### [Work required]
Please give again, word for word, the line that contains "(* If t_n lies" and every line after it to the end of the data, with no other lines.

##### Given records #####

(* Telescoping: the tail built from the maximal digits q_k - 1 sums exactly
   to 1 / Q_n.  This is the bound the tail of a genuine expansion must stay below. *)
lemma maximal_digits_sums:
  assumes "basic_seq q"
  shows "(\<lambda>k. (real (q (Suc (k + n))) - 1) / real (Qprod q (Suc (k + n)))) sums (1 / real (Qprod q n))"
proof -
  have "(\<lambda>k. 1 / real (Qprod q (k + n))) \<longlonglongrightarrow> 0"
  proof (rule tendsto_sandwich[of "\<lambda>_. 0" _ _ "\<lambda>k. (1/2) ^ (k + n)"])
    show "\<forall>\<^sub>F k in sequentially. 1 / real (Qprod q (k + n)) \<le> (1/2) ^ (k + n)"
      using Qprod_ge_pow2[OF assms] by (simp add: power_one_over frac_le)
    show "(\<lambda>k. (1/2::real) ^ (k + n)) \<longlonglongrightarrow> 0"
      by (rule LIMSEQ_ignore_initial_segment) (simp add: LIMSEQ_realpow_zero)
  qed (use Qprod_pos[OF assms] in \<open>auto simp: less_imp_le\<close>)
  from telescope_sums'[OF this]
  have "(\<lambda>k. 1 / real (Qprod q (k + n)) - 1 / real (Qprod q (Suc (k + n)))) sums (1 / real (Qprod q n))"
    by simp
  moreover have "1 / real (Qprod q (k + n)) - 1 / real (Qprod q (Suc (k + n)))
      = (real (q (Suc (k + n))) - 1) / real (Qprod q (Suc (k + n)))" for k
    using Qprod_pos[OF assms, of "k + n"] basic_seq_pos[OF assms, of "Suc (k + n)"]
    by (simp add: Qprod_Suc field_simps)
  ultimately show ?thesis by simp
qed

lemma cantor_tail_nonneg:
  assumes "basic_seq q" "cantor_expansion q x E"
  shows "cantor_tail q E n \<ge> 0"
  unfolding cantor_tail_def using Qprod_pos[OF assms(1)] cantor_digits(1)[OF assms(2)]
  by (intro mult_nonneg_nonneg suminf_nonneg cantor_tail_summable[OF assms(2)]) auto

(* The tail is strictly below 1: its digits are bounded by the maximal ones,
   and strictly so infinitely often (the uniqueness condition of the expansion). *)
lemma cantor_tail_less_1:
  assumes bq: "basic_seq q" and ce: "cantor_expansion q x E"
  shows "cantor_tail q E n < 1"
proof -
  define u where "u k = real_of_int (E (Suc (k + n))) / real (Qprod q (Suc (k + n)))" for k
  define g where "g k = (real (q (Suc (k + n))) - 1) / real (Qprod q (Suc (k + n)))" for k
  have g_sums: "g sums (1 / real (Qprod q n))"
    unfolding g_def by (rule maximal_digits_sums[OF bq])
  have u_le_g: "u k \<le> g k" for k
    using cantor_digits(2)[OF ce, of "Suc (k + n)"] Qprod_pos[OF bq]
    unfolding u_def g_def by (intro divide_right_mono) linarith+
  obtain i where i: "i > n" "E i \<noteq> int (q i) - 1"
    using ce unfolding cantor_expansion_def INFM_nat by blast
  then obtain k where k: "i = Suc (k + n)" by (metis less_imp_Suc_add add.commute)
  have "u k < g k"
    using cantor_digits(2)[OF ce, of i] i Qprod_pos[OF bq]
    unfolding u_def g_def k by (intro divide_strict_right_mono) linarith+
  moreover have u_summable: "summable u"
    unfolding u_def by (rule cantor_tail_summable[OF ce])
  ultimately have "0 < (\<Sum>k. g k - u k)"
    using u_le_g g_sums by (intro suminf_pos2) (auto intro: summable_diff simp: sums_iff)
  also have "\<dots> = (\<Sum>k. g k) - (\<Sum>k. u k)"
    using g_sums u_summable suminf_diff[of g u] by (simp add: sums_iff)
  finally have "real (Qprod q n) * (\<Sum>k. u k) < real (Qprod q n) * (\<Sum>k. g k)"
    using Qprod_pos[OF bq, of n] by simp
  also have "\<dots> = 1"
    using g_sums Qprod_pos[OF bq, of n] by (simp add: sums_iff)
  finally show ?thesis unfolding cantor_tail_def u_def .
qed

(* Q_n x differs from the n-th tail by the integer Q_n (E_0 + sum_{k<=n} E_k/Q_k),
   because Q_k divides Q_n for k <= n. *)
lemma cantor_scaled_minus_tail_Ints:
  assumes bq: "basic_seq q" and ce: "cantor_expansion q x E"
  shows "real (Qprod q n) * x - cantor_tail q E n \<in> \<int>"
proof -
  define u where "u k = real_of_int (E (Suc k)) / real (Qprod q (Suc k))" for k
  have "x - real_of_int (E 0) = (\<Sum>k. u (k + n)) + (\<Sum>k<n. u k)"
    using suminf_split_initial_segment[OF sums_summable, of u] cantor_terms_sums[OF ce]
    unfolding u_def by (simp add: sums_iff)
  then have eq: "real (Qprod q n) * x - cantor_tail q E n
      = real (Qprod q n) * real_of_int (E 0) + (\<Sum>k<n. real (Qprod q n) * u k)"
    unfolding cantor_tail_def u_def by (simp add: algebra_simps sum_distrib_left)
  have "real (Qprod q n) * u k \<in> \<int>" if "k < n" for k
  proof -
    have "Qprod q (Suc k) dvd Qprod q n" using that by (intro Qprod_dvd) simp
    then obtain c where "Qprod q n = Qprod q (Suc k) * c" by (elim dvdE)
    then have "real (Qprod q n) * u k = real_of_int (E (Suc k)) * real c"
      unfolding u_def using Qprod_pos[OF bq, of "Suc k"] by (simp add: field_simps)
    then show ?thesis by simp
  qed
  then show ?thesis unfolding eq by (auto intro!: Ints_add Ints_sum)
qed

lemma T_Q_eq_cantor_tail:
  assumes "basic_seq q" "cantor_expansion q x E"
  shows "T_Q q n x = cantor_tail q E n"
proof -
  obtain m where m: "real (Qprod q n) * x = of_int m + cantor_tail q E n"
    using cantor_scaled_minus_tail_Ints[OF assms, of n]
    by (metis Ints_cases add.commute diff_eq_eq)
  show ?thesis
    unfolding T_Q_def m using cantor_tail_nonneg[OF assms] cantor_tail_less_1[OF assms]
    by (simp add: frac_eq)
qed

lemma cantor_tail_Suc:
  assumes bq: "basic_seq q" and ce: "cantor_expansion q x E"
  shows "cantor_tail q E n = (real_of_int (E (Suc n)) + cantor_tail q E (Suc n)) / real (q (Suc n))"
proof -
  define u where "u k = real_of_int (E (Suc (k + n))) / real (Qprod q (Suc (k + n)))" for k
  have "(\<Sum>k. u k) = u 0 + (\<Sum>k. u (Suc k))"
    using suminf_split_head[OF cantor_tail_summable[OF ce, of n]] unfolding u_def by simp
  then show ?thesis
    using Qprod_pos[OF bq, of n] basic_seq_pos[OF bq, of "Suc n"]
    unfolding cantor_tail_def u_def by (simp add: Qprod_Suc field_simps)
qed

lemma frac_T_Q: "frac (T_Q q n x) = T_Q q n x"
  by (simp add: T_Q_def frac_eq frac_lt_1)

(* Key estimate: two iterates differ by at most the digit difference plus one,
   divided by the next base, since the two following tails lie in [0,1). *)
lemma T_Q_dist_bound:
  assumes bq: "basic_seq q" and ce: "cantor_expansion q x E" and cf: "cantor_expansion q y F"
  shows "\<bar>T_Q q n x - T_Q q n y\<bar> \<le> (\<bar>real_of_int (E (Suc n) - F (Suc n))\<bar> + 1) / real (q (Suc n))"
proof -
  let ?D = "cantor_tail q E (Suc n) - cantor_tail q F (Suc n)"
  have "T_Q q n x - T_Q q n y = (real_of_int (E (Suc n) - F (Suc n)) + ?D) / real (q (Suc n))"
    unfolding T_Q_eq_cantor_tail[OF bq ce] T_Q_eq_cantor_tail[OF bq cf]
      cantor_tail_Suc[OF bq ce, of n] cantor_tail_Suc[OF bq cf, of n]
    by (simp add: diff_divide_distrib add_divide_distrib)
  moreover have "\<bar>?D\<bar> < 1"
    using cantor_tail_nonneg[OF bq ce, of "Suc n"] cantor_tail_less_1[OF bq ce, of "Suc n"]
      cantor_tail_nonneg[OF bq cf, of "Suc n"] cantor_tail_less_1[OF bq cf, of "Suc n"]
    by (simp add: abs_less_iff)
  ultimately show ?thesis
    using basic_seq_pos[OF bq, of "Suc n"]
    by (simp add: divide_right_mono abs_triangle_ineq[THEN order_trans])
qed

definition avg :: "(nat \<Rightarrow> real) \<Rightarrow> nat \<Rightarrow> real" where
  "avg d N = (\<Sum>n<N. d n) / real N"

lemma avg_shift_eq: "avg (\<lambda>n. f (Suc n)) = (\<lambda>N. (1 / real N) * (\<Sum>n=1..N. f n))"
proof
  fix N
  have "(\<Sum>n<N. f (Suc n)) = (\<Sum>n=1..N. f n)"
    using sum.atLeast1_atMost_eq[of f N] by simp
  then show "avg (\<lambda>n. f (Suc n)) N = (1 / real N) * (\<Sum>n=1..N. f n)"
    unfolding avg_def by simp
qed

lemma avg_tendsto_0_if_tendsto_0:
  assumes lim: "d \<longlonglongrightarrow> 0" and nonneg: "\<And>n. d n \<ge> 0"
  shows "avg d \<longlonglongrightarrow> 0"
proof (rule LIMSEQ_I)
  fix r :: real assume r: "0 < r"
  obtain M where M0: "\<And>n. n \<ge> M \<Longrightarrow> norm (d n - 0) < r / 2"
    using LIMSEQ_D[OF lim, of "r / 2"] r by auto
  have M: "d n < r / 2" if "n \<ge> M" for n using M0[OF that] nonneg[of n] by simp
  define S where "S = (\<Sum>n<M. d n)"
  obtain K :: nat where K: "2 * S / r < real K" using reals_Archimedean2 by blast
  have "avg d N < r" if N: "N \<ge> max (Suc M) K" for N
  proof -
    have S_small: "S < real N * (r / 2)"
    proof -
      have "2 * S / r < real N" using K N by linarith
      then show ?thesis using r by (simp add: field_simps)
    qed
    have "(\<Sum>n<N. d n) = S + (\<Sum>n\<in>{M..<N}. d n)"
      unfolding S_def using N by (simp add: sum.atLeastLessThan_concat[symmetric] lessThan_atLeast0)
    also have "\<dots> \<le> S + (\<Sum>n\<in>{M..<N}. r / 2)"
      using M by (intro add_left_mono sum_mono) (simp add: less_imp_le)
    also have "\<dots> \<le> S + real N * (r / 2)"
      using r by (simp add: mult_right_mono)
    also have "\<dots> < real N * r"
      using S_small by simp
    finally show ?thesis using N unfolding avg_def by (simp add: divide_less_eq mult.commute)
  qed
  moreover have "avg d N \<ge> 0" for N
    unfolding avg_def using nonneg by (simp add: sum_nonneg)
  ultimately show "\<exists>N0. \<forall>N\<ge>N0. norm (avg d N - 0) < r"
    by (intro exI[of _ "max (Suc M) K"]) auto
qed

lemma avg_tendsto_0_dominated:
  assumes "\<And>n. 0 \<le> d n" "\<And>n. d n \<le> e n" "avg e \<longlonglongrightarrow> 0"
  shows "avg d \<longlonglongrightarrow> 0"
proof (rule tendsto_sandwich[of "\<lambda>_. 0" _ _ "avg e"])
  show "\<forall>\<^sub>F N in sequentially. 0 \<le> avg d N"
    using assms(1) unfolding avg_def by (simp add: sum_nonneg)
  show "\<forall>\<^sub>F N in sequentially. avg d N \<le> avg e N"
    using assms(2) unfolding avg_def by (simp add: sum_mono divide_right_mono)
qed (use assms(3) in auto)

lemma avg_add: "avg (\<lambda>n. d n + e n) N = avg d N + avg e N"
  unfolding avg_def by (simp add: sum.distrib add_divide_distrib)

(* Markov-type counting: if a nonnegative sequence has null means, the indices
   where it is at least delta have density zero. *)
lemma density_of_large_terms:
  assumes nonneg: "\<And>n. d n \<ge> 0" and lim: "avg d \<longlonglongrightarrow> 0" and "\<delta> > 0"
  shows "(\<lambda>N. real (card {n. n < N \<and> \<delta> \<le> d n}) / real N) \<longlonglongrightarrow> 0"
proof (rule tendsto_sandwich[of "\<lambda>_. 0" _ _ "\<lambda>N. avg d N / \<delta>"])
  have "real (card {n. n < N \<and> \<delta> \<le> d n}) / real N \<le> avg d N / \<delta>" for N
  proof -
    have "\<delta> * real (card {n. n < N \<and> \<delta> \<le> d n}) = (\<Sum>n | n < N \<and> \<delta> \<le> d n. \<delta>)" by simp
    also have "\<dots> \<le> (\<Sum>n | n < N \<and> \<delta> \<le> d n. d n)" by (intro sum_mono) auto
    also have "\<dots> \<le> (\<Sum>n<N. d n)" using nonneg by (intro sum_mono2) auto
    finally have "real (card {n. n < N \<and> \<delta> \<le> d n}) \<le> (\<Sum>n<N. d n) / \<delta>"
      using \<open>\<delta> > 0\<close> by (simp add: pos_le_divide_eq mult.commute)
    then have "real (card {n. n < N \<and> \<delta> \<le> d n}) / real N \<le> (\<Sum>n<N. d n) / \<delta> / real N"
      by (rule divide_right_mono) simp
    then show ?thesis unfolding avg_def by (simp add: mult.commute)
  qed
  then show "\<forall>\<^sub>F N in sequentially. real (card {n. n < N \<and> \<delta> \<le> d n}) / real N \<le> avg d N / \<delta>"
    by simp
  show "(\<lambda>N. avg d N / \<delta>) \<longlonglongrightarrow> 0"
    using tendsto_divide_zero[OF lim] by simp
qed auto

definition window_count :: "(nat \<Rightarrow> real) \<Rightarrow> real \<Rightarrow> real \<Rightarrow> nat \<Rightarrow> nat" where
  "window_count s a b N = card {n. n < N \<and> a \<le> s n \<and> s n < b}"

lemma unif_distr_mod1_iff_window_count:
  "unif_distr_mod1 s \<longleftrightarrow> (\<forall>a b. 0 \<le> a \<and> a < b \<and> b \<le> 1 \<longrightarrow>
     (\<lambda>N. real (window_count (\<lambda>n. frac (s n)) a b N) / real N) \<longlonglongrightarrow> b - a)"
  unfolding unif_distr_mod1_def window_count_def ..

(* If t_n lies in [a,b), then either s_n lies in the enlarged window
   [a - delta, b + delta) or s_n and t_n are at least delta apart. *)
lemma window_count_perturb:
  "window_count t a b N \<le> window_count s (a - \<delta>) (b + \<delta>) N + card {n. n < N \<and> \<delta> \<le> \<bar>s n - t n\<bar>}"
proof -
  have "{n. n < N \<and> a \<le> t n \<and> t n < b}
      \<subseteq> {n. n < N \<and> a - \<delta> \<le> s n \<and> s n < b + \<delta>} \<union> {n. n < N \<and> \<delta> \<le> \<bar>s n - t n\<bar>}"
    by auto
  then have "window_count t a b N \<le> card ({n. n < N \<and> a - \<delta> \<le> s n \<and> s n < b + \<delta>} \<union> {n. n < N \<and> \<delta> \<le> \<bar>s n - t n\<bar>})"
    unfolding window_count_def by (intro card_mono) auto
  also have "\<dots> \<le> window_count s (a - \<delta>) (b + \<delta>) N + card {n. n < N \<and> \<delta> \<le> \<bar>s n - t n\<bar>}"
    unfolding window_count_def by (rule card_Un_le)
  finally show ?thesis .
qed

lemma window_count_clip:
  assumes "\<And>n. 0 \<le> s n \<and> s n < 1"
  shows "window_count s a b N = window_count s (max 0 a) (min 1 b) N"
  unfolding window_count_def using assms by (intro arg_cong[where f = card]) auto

#####

### [Answer below]
(* If t_n lies in [a,b), then either s_n lies in the enlarged window
   [a - delta, b + delta) or s_n and t_n are at least delta apart. *)
lemma window_count_perturb:
  "window_count t a b N \<le> window_count s (a - \<delta>) (b + \<delta>) N + card {n. n < N \<and> \<delta> \<le> \<bar>s n - t n\<bar>}"
proof -
  have "{n. n < N \<and> a \<le> t n \<and> t n < b}
      \<subseteq> {n. n < N \<and> a - \<delta> \<le> s n \<and> s n < b + \<delta>} \<union> {n. n < N \<and> \<delta> \<le> \<bar>s n - t n\<bar>}"
    by auto
  then have "window_count t a b N \<le> card ({n. n < N \<and> a - \<delta> \<le> s n \<and> s n < b + \<delta>} \<union> {n. n < N \<and> \<delta> \<le> \<bar>s n - t n\<bar>})"
    unfolding window_count_def by (intro card_mono) auto
  also have "\<dots> \<le> window_count s (a - \<delta>) (b + \<delta>) N + card {n. n < N \<and> \<delta> \<le> \<bar>s n - t n\<bar>}"
    unfolding window_count_def by (rule card_Un_le)
  finally show ?thesis .
qed

lemma window_count_clip:
  assumes "\<And>n. 0 \<le> s n \<and> s n < 1"
  shows "window_count s a b N = window_count s (max 0 a) (min 1 b) N"
  unfolding window_count_def using assms by (intro arg_cong[where f = card]) auto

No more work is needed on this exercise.